We've been troubleshooting an issue with a user's magnum cluster, and determined that there was an issue with libvirt connecting to ceph. The VM wouldn't start up and showed as 'paused' state in libvirt; when we tried 'virsh resume' we got this message:
error: Timed out during operation: cannot acquire state change lock (held by monitor=remoteDispatchDomainCreateWithFlags)

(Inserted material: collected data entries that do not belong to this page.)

(* Let $n$ be a positive integer, let $\Delta \ge 0$, and let $\varepsilon_1, \varepsilon_2, \varepsilon_3$ be positive reals. Let $\mathcal{X}$ and $\mathcal{Z}$ be Polish spaces and let $p_{X,Z}$ be a joint distribution on $\mathcal{X}\times\mathcal{Z}$ with marginal $p_X$ on $\mathcal{X}$. Let $d:\mathcal{X}\times\mathcal{X}\to[0,\infty)$ be a distortion measure such that $(d,p_X)$ is uniformly integrable. Let $Q_{X^n,Y^n}$ be a distribution on $\mathcal{X}^n\times\mathcal{X}^n$ satisfying $$\mathbb{E}_Q[d(X^n,Y^n)] \le \Delta+\varepsilon_1 \quad\text{and}\quad \|Q_{Y^n}-p_X^{\otimes n}\|_{TV}\le \varepsilon_2 .$$ Let $P^{(1)}$ be the distribution induced by an $(n,R,R_c)$ D-code (respectively, an $(n,R,R_c)$ E-D-code) for some reals $R,R_c\ge 0$, and assume that $$\|P^{(1)}_{X^n,Y^n}-Q_{X^n,Y^n}\|_{TV}\le\varepsilon_3 .$$ Then there exists an $(n,R,R_c)$ D-code (respectively, E-D-code) with the same encoder as the code inducing $P^{(1)}$, which induces a distribution $P^{(2)}$ satisfying $$\mathbb{E}_{P^{(2)}}[d(X^n,Y^n)] \le \Delta+\varepsilon_1+\sup_{X,Y,B}\mathbb{E}\big[d(X,Y)\,\mathbf{1}_B\big] \quad\text{and}\quad P^{(2)}_{Y^n}= p_X^{\otimes n},$$ where the supremum is over all pairs of random variables $X,Y$ (on a common probability space) each having law $p_X$ and all events $B$ with probability at most $\varepsilon_2+2\varepsilon_3$.
   Context: Setting: lossy source coding with side information $Z^n$ and common randomness. The source is $(X^n,Z^n)\sim p_{X,Z}^{\otimes n}$ (i.i.d.). For $x^n,y^n\in\mathcal{X}^n$, $d(x^n,y^n)=\frac1n\sum_{t=1}^n d(x_t,y_t)$. The pair $(d,p_X)$ is uniformly integrable if $\sup_{X,Y,B}\mathbb{E}[d(X,Y)\mathbf{1}_B]\to 0$ as $\tau\to 0$, where the supremum is over all random variables $X,Y$ each with law $p_X$ and all events $B$ with $\mathbb{P}(B)\le\tau$. An $(n,R,R_c)$ D-code consists of a common randomness $J$ uniformly distributed on $\{1,\dots,\lfloor 2^{nR_c}\rfloor\}$ independent of the source, a (possibly randomized) encoder given by a conditional distribution $F_{M\mid X^n,J}$ with message $M\in\{1,\dots,\lfloor 2^{nR}\rfloor\}$, and a (possibly randomized) decoder given by a conditional distribution $G_{Y^n\mid Z^n,J,M}$ with output $Y^n\in\mathcal{X}^n$ (side information available only at the decoder). An $(n,R,R_c)$ E-D-code is the same except that the encoder is $F_{M\mid X^n,Z^n,J}$ (side information at both encoder and decoder). The distribution induced by the code is the joint distribution of $(X^n,Z^n,J,M,Y^n)$ given by $p_{X,Z}^{\otimes n}\cdot p^{\mathcal{U}}_J\cdot F\cdot G$. $\|\cdot\|_{TV}$ denotes total variation distance. *)

theory Defs
  imports "HOL-Probability.Probability"
begin

abbreviation seqM :: "nat \<Rightarrow> 'a measure \<Rightarrow> (nat \<Rightarrow> 'a) measure" where
  "seqM n M \<equiv> PiM {..<n} (\<lambda>_. M)"

definition code_size :: "nat \<Rightarrow> real \<Rightarrow> nat" where
  "code_size n r = nat \<lfloor>2 powr (real n * r)\<rfloor>"

definition avg_dist :: "('x \<Rightarrow> 'x \<Rightarrow> real) \<Rightarrow> nat \<Rightarrow> (nat \<Rightarrow> 'x) \<Rightarrow> (nat \<Rightarrow> 'x) \<Rightarrow> real" where
  "avg_dist d n x y = (\<Sum>t<n. d (x t) (y t)) / real n"
lemma gram_principal_form_le:
  assumes "\<forall>n\<in>{1..R}. Tmat_col_sqsum R n \<le> c"
  shows "gram_principal_form R z \<le> 3 * c * sqnorm R z"
proof -
  have row: "(\<Sum>n'\<in>{1..R}. (Tmat n n')\<^sup>2) = Tmat_col_sqsum R n" for n
    unfolding Tmat_col_sqsum_def by (metis Tmat_skew power2_minus)
  have "2 * (\<Sum>n\<in>{1..R}. \<Sum>n'\<in>{1..R}. (Tmat n n')\<^sup>2 * z n * z n')
     \<le> (\<Sum>n\<in>{1..R}. \<Sum>n'\<in>{1..R}. (Tmat n n')\<^sup>2 * (z n)\<^sup>2 + (Tmat n n')\<^sup>2 * (z n')\<^sup>2)"
    unfolding sum_distrib_left
  proof (intro sum_mono)
    fix n n'
    have "(Tmat n n')\<^sup>2 * (2 * (z n * z n')) \<le> (Tmat n n')\<^sup>2 * ((z n)\<^sup>2 + (z n')\<^sup>2)"
      using sum_squares_bound[of "z n" "z n'"] by (intro mult_left_mono) (simp_all add: mult.assoc)
    then show "2 * ((Tmat n n')\<^sup>2 * z n * z n') \<le> (Tmat n n')\<^sup>2 * (z n)\<^sup>2 + (Tmat n n')\<^sup>2 * (z n')\<^sup>2"
      by (simp add: algebra_simps)
  qed
  also have "\<dots> = 2 * (\<Sum>n\<in>{1..R}. Tmat_col_sqsum R n * (z n)\<^sup>2)"
  proof -
    have "(\<Sum>n\<in>{1..R}. \<Sum>n'\<in>{1..R}. (Tmat n n')\<^sup>2 * (z n)\<^sup>2)
        = (\<Sum>n\<in>{1..R}. Tmat_col_sqsum R n * (z n)\<^sup>2)"
      by (simp only: sum_distrib_right[symmetric] row)
    moreover have "(\<Sum>n\<in>{1..R}. \<Sum>n'\<in>{1..R}. (Tmat n n')\<^sup>2 * (z n')\<^sup>2)
        = (\<Sum>n\<in>{1..R}. Tmat_col_sqsum R n * (z n)\<^sup>2)"
      by (subst sum.swap) (simp add: sum_distrib_right[symmetric] Tmat_col_sqsum_def)
    ultimately show ?thesis
      by (simp add: sum.distrib)
  qed
  finally have "gram_principal_form R z \<le> 3 * (\<Sum>n\<in>{1..R}. Tmat_col_sqsum R n * (z n)\<^sup>2)"
    unfolding gram_principal_form_def by linarith
  also have "\<dots> \<le> 3 * (\<Sum>n\<in>{1..R}. c * (z n)\<^sup>2)"
    using assms by (intro mult_left_mono sum_mono mult_right_mono) auto
  finally show ?thesis
    by (simp add: sqnorm_def sum_distrib_left mult.assoc)
qed

lemma sqnorm_matvec_Tmat_le:
  assumes "1 \<le> R" and col: "\<forall>n\<in>{1..R}. Tmat_col_sqsum R n \<le> c"
  shows "sqnorm R (matvec R Tmat x) \<le> 3 * c * sqnorm R x"
proof -
  obtain x0 where x0: "sqnorm R x0 = 1"
    and hom: "\<forall>x. sqnorm R (matvec R Tmat x) \<le> sqnorm R (matvec R Tmat x0) * sqnorm R x"
    and eigen: "\<forall>k\<in>{1..R}. matvec R (\<lambda>m n. Tmat n m) (matvec R Tmat x0) k
                              = sqnorm R (matvec R Tmat x0) * x0 k"
    using top_singular_vector_exists[OF \<open>1 \<le> R\<close>] by blast
  define y where "y = matvec R Tmat x0"
  define \<mu> where "\<mu> = sqnorm R y"
  define p where "p = (\<Sum>n\<in>{1..R}. Tmat_col_sum R n * x0 n * y n)"
  have Ty: "matvec R Tmat y k = - (\<mu> * x0 k)" if "k \<in> {1..R}" for k
    using eigen that matvec_transpose_Tmat[of R y k] by (simp add: y_def \<mu>_def)
  have "sqnorm R (matvec R Tmat y) = \<mu>\<^sup>2"
    using x0 by (simp add: sqnorm_def Ty power_mult_distrib sum_distrib_left[symmetric])
  moreover have "(\<Sum>n\<in>{1..R}. Tmat_col_sum R n * y n * matvec R Tmat y n) = - \<mu> * p"
    by (simp add: p_def Ty sum_distrib_left mult_ac)
  ultimately have "\<mu>\<^sup>2 = gram_principal_form R y - 2 * \<mu> * p"
    using sqnorm_matvec_Tmat_eq[of R y] by simp
  moreover have "\<mu> = gram_principal_form R x0 + 2 * p"
    using sqnorm_matvec_Tmat_eq[of R x0] by (simp add: \<mu>_def y_def p_def)
  ultimately have "2 * \<mu>\<^sup>2 = \<mu> * gram_principal_form R x0 + gram_principal_form R y"
    by (simp add: power2_eq_square algebra_simps)
  also have "\<dots> \<le> \<mu> * (3 * c) + 3 * c * \<mu>"
    using gram_principal_form_le[OF col, of x0] gram_principal_form_le[OF col, of y] x0
      sqnorm_nonneg[of R y] by (intro add_mono mult_left_mono) (simp_all add: \<mu>_def)
  finally have "\<mu> * \<mu> \<le> \<mu> * (3 * c)"
    by (simp add: power2_eq_square algebra_simps)
  moreover have "0 \<le> c"
    using col[rule_format, of 1] \<open>1 \<le> R\<close> Tmat_col_sqsum_nonneg[of R 1] by simp
  ultimately have "\<mu> \<le> 3 * c"
    using sqnorm_nonneg[of R y] unfolding \<mu>_def
    by (cases "sqnorm R y = 0") (auto simp: mult_le_cancel_left_pos)
  have "sqnorm R (matvec R Tmat x) \<le> \<mu> * sqnorm R x"
    using hom by (simp add: \<mu>_def y_def)
  also have "\<dots> \<le> 3 * c * sqnorm R x"
    using \<open>\<mu> \<le> 3 * c\<close> sqnorm_nonneg by (rule mult_right_mono)
  finally show ?thesis .
qed
text \<open>Laplacian polynomial P: det(\<lambda> I - L(H)) = \<lambda> P(\<lambda>, H).\<close>
definition lap_poly :: "('a::finite \<Rightarrow> 'a \<Rightarrow> bool) \<Rightarrow> real poly" where
  "lap_poly E = lap_charpoly E div [:0, 1:]"

text \<open>The K_xy-operation; the induced subgraph K is given by its vertex set.\<close>
definition Xset :: "('a \<Rightarrow> 'a \<Rightarrow> bool) \<Rightarrow> 'a set \<Rightarrow> 'a \<Rightarrow> 'a \<Rightarrow> 'a set" where
  "Xset E K x y = nbhd E x - (K \<union> nbhd E y)"

definition Kxy_op :: "('a \<Rightarrow> 'a \<Rightarrow> bool) \<Rightarrow> 'a set \<Rightarrow> 'a \<Rightarrow> 'a \<Rightarrow> 'a \<Rightarrow> 'a \<Rightarrow> bool" where
  "Kxy_op E K x y u v \<longleftrightarrow>
     (E u v \<and> \<not> (\<exists>w\<in>Xset E K x y. {u, v} = {x, w}))
     \<or> (\<exists>w\<in>Xset E K x y. {u, v} = {y, w})"

definition remove_xXyY :: "('a \<Rightarrow> 'a \<Rightarrow> bool) \<Rightarrow> 'a set \<Rightarrow> 'a \<Rightarrow> 'a \<Rightarrow> 'a \<Rightarrow> 'a \<Rightarrow> bool" where
  "remove_xXyY E K x y u v \<longleftrightarrow> E u v \<and>
     \<not> (\<exists>w\<in>Xset E K x y. {u, v} = {x, w}) \<and> \<not> (\<exists>w\<in>Xset E K y x. {u, v} = {y, w})"

definition graph_automorphism :: "('a \<Rightarrow> 'a \<Rightarrow> bool) \<Rightarrow> ('a \<Rightarrow> 'a) \<Rightarrow> bool" where
  "graph_automorphism E \<alpha> \<longleftrightarrow> bij \<alpha> \<and> (\<forall>u v. E (\<alpha> u) (\<alpha> v) \<longleftrightarrow> E u v)"
lemma fourier_hat_H_region_Suc:
  fixes C :: "nat \<Rightarrow> nat \<Rightarrow> complex" and W :: "nat \<Rightarrow> complex" and w :: complex
  assumes A: "finite A"
    and closed_form: "\<And>a b. a \<ge> 0 \<Longrightarrow> b \<ge> 0 \<Longrightarrow> fourier_hat m (indicator (H_region m a b)) y =
          (\<Sum>j\<in>A. \<Sum>k\<in>A. C j k * exp (W k * of_real a - W j * of_real b))"
    and w: "w = 2 * of_real pi * \<i> * of_real (y (Suc m))"
    and ne: "\<And>j. j \<in> A \<Longrightarrow> W j \<noteq> w"
    and a: "a \<ge> 0" and b: "b \<ge> 0"
  shows "fourier_hat (Suc m) (indicator (H_region (Suc m) a b)) y =
    (\<Sum>j\<in>A. \<Sum>k\<in>A. C j k *
      ((exp (W k * of_real a - w * of_real b) - exp (W k * of_real a - W j * of_real b)) / (W j - w)
       + (exp (W k * of_real a - W j * of_real b) - exp (w * of_real a - W j * of_real b)) / (W k - w)))"
proof -
  define K where "K a b = (\<Sum>j\<in>A. \<Sum>k\<in>A. C j k * exp (W k * of_real a - W j * of_real b))" for a b :: real
  define e where "e t = exp (- (w * of_real t))" for t :: real
  define \<alpha> where "\<alpha> j k = C j k * exp (W k * of_real a - W j * of_real b)" for j k
  define g1 where "g1 t = (\<Sum>j\<in>A. \<Sum>k\<in>A. \<alpha> j k * exp ((W j - w) * of_real t))" for t :: real
  define g2 where "g2 t = (\<Sum>j\<in>A. \<Sum>k\<in>A. \<alpha> j k * exp ((W k - w) * of_real t))" for t :: real
  have slice: "fourier_hat m (indicator (H_region m (a - max 0 (-t)) (b - max 0 t))) y
      = indicator {0..b} t *\<^sub>R K a (b - t) + indicator {-a..0} t *\<^sub>R K (a + t) b
      - indicator {0..0} t *\<^sub>R K a b"
    for t by (rule fourier_hat_H_region_slice) (simp_all add: closed_form K_def a b)
  have g_eq: "K a (b - t) * e t = g1 t" "K (a + t) b * e t = g2 t" for t
    unfolding K_def g1_def g2_def e_def \<alpha>_def sum_distrib_right
    by (auto intro!: sum.cong simp: mult.assoc exp_add[symmetric] algebra_simps)
  have G: "fourier_hat m (indicator (H_region m (a - max 0 (-t)) (b - max 0 t))) y * e t
      = indicator {0..b} t *\<^sub>R g1 t + indicator {-a..0} t *\<^sub>R g2 t - indicator {0..0} t *\<^sub>R K a b" for t
    unfolding slice using g_eq g_eq[of 0] by (auto simp: indicator_def e_def distrib_right)
  have "exp (- (2 * of_real pi * \<i> * of_real (t * y (Suc m)))) = e t" for t
    unfolding e_def w by (simp add: mult_ac)
  then have slices: "(\<lambda>t. fourier_hat m (indicator (H_region m (a - max 0 (-t)) (b - max 0 t))) y
      * exp (- (2 * of_real pi * \<i> * of_real (t * y (Suc m)))))
    = (\<lambda>t. indicator {0..b} t *\<^sub>R g1 t + indicator {-a..0} t *\<^sub>R g2 t - indicator {0..0} t *\<^sub>R K a b)"
    using G by simp
  have "W j - w \<noteq> 0" if "j \<in> A" for j
    using ne that by auto
  note integral = integral_two_sided_exp_sums[where u = "\<lambda>j k. W j - w" and v = "\<lambda>j k. W k - w"
      and \<alpha> = \<alpha> and c = "K a b", OF A a b this this, folded g1_def g2_def]
  have "fourier_hat (Suc m) (indicator (H_region (Suc m) a b)) y
      = (\<Sum>j\<in>A. \<Sum>k\<in>A. \<alpha> j k * (exp ((W j - w) * of_real b) - 1) / (W j - w)
          + \<alpha> j k * (1 - exp (- ((W k - w) * of_real a))) / (W k - w))"
    using fourier_hat_H_region_Suc_integral[of m a b y] integral unfolding slices by auto
  also have "\<dots> = (\<Sum>j\<in>A. \<Sum>k\<in>A. C j k *
      ((exp (W k * of_real a - w * of_real b) - exp (W k * of_real a - W j * of_real b)) / (W j - w)
       + (exp (W k * of_real a - W j * of_real b) - exp (w * of_real a - W j * of_real b)) / (W k - w)))"
    unfolding \<alpha>_def
    by (intro sum.cong refl)
      (simp add: right_diff_distrib diff_divide_distrib add_divide_distrib distrib_left mult.assoc
        exp_add[symmetric] algebra_simps)
  finally show ?thesis .
qed

lemma fourier_hat_H_region_eq_fourier_closed_form:
  assumes inj: "inj_on (with_origin y) {0..m}" and "a \<ge> 0" "b \<ge> 0"
  shows "fourier_hat m (indicator (H_region m a b)) y
    = fourier_closed_form m (\<lambda>i. 2 * of_real pi * \<i> * of_real (with_origin y i)) a b"
  using assms
proof (induction m arbitrary: a b)
  case 0
  then show ?case by (simp add: fourier_hat_H_region_0 fourier_closed_form_def node_prod_def)
next
  case (Suc m)
  define W where "W = (\<lambda>i. 2 * of_real pi * \<i> * complex_of_real (with_origin y i))"
  have inj_W: "inj_on W {0..Suc m}"
    using Suc.prems(1) unfolding W_def by (auto simp: inj_on_def)
  have "inj_on (with_origin y) {0..m}"
    using Suc.prems(1) by (rule inj_on_subset) auto
  then have closed_form: "fourier_hat m (indicator (H_region m a b)) y = (\<Sum>j\<in>{0..m}. \<Sum>k\<in>{0..m}.
      (W j - W k) ^ m / (node_prod {0..m} W j * node_prod {0..m} W k)
        * exp (W k * of_real a - W j * of_real b))"
    if "a \<ge> 0" "b \<ge> 0" for a b
    using Suc.IH that unfolding fourier_closed_form_def W_def by blast
  have ne: "W j \<noteq> W (Suc m)" if "j \<in> {0..m}" for j
    using inj_onD[OF inj_W, of j "Suc m"] that by auto
  show ?case
    unfolding W_def[symmetric] fourier_closed_form_Suc[OF inj_W]
    by (rule fourier_hat_H_region_Suc) (use closed_form ne Suc.prems in \<open>auto simp: W_def\<close>)
qed

lemma fourier_hat_H_set:
  fixes y :: "nat \<Rightarrow> real"
  assumes m: "m \<ge> 1"
    and nonzero: "\<And>j. j \<in> {1..m} \<Longrightarrow> y j \<noteq> 0"
    and distinct: "\<And>j k. j \<in> {1..m} \<Longrightarrow> k \<in> {1..m} \<Longrightarrow> j \<noteq> k \<Longrightarrow> y j \<noteq> y k"
    and trig: "(even m \<and> trig = cos \<and> \<sigma> = -1) \<or> (odd m \<and> trig = sin \<and> \<sigma> = 1)"
  shows "fourier_hat m (indicator (H_set m)) y = of_real ((-1) ^ (m div 2) / (2 ^ (m - 1) * pi ^ m) *
    (\<sigma> * (\<Sum>j=1..m. \<Sum>k=Suc j..m. (y j - y k) powi (int m - 2) * trig (pi * (y j - y k)) /
              (y j * y k * (\<Prod>i\<in>{1..m} - {j, k}. (y j - y i) * (y k - y i))))
      + (\<Sum>j=1..m. y j powi (int m - 2) * trig (pi * y j) / (\<Prod>i\<in>{1..m} - {j}. (y j - y i) * y i))))"
proof -
  have "inj_on (with_origin y) {0..m}"
    using nonzero distinct by (rule inj_on_with_origin)
  moreover have "H_set m = H_region m (1/2) (1/2)"
    unfolding H_set_def H_region_def by simp
  ultimately have "fourier_hat m (indicator (H_set m)) y
      = fourier_closed_form m (\<lambda>i. 2 * of_real pi * \<i> * of_real (with_origin y i)) (1/2) (1/2)"
    by (simp add: fourier_hat_H_region_eq_fourier_closed_form)
  also have "\<dots> = of_real ((-1) ^ (m div 2) / (2 * pi) ^ m * (\<Sum>j=0..m. \<Sum>k=0..m.
      (with_origin y j - with_origin y k) ^ m
        / (node_prod {0..m} (with_origin y) j * node_prod {0..m} (with_origin y) k)
        * trig (pi * (with_origin y k - with_origin y j))))"
    by (rule fourier_closed_form_half) (use trig in auto)
  also have "(\<Sum>j=0..m. \<Sum>k=0..m. (with_origin y j - with_origin y k) ^ m
        / (node_prod {0..m} (with_origin y) j * node_prod {0..m} (with_origin y) k)
        * trig (pi * (with_origin y k - with_origin y j)))
    = 2 * (\<sigma> * (\<Sum>j=1..m. \<Sum>k=Suc j..m. (y j - y k) powi (int m - 2) * trig (pi * (y j - y k)) /
              (y j * y k * (\<Prod>i\<in>{1..m} - {j, k}. (y j - y i) * (y k - y i))))
      + (\<Sum>j=1..m. y j powi (int m - 2) * trig (pi * y j) / (\<Prod>i\<in>{1..m} - {j}. (y j - y i) * y i)))"
    using nonzero distinct m trig by (rule double_sum_with_origin)
  also have "(-1) ^ (m div 2) / (2 * pi) ^ m * (2 * x) = (-1) ^ (m div 2) / (2 ^ (m - 1) * pi ^ m) * x"
    for x
    using m by (cases m) (simp_all add: power_mult_distrib)
  finally show ?thesis .
qed

theorem mainTheorem10:
  fixes n :: nat and y :: "nat \<Rightarrow> real"
  assumes "n \<ge> 2"
    and "\<forall>j\<in>{1..n-1}. y j \<noteq> 0"
    and "\<forall>j\<in>{1..n-1}. \<forall>k\<in>{1..n-1}. j \<noteq> k \<longrightarrow> y j \<noteq> y k"
  shows "fourier_hat (n-1) (indicator (H_set (n-1))) y =
    complex_of_real
     (if odd n then
        (-1) ^ ((n-1) div 2) / (2 ^ (n-2) * pi ^ (n-1)) *
        ( - (\<Sum>j=1..n-1. \<Sum>k=j+1..n-1.
               (y j - y k) powi (int n - 3) * cos (pi * (y j - y k)) /
               (y j * y k * (\<Prod>i\<in>{1..n-1} - {j,k}. (y j - y i) * (y k - y i))))
          + (\<Sum>j=1..n-1. (y j) powi (int n - 3) * cos (pi * y j) /
               (\<Prod>i\<in>{1..n-1} - {j}. (y j - y i) * y i)))
      else
        (-1) ^ (n div 2 - 1) / (2 ^ (n-2) * pi ^ (n-1)) *
        ( (\<Sum>j=1..n-1. \<Sum>k=j+1..n-1.
               (y j - y k) powi (int n - 3) * sin (pi * (y j - y k)) /
               (y j * y k * (\<Prod>i\<in>{1..n-1} - {j,k}. (y j - y i) * (y k - y i))))
          + (\<Sum>j=1..n-1. (y j) powi (int n - 3) * sin (pi * y j) /
               (\<Prod>i\<in>{1..n-1} - {j}. (y j - y i) * y i))))"
proof -
  obtain m where n: "n = Suc m" and m: "m \<ge> 1"
    using assms(1) by (metis Suc_le_D Suc_le_mono one_add_one plus_1_eq_Suc)
  have nonzero: "\<And>j. j \<in> {1..m} \<Longrightarrow> y j \<noteq> 0" and
    distinct: "\<And>j k. j \<in> {1..m} \<Longrightarrow> k \<in> {1..m} \<Longrightarrow> j \<noteq> k \<Longrightarrow> y j \<noteq> y k"
    using assms(2,3) n by auto
  have indices: "n - 1 = m" "n - 2 = m - 1" "int n - 3 = int m - 2" "\<And>j. j + 1 = Suc j"
    using n by auto
  show ?thesis
  proof (cases "even m")
    case True
    then have "odd n" "(n - 1) div 2 = m div 2" using n by auto
    then show ?thesis
      using fourier_hat_H_set[where y = y and trig = cos and \<sigma> = "-1", OF m nonzero distinct] True
      unfolding indices by simp
  next
    case False
    then have "even n" "n div 2 - 1 = m div 2" using n by auto
    then show ?thesis
      using fourier_hat_H_set[where y = y and trig = sin and \<sigma> = 1, OF m nonzero distinct] False
      unfolding indices by simp
  qed
qed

There are also hints in the logs that virsh was trying to contact mons at "10.64.20.67", "10.64.20.68", "10.64.20.69" -- those are the addresses of cloudcephmon100[1-3] which no longer exist; the new ceph mons are "10.64.149.19", "10.64.151.5", "10.64.148.27"
These old mon addresses can also be found in the nova_eqiad1 database:
mysql:root@localhost [nova_eqiad1]> select connection_info from block_device_mapping where instance_uuid='45a88d53-717d-4993-a759-d7bb3448
*************************** 1. row ***************************
connection_info: NULL
*************************** 2. row ***************************
connection_info: {"driver_volume_type": "rbd", "data": {"name": "eqiad1-cinder/volume-df1e18b3-6fea-4aea-a386-74806651fa42", "hosts": ["10.64.20.67", "10.64.20.68", "10.64.20.69"], "ports": ["6789", "6789", "6789"], "cluster_name": "ceph", "auth_enabled": true, "auth_username": "eqiad1-cinder", "secret_type": "ceph", "secret_uuid": "9dc683f1-f3d4-4c12-8b8f-f3ffdf36364d", "volume_id": "df1e18b3-6fea-4aea-a386-74806651fa42", "discard": true, "qos_specs": {"write_iops_sec": "500", "iops_sec": "5000", "total_bytes_sec": "200000000"}, "access_mode": "rw", "encrypted": false, "cacheable": false}, "status": "attaching", "instance": "45a88d53-717d-4993-a759-d7bb34480cc4", "attached_at": "2024-06-27T18:33:50.000000", "detached_at": "", "volume_id": "df1e18b3-6fea-4aea-a386-74806651fa42", "serial": "df1e18b3-6fea-4aea-a386-74806651fa42"}I was able to resolve the issue by updating those IPs in the database:
mysql:root@localhost [nova_eqiad1]> update block_device_mapping set connection_info='{"driver_volume_type": "rbd", "data": {"name": "eqiad1-cinder/volume-df1e18b3-6fea-4aea-a386-74806651fa42", "hosts": ["10.64.149.19", "10.64.151.5", "10.64.148.27"], "ports": ["6789", "6789", "6789"], "cluster_name": "ceph", "auth_enabled": true, "auth_username": "eqiad1-cinder", "secret_type": "ceph", "secret_uuid": "9dc683f1-f3d4-4c12-8b8f-f3ffdf36364d", "volume_id": "df1e18b3-6fea-4aea-a386-74806651fa42", "discard": true, "qos_specs": {"write_iops_sec": "500", "iops_sec": "5000", "total_bytes_sec": "200000000"}, "access_mode": "rw", "encrypted": false, "cacheable": false}, "status": "attaching", "instance": "45a88d53-717d-4993-a759-d7bb34480cc4", "attached_at": "2024-06-27T18:33:50.000000", "detached_at": "", "volume_id": "df1e18b3-6fea-4aea-a386-74806651fa42", "serial": "df1e18b3-6fea-4aea-a386-74806651fa42"}' where uuid="2ed1c589-b9ab-4f0f-a5a1-7a73b8b012a8";This is very concerning! Do we have hundreds of VMs with incorrect mon IPs backed in, waiting to fail as soon as we restart or migrate them?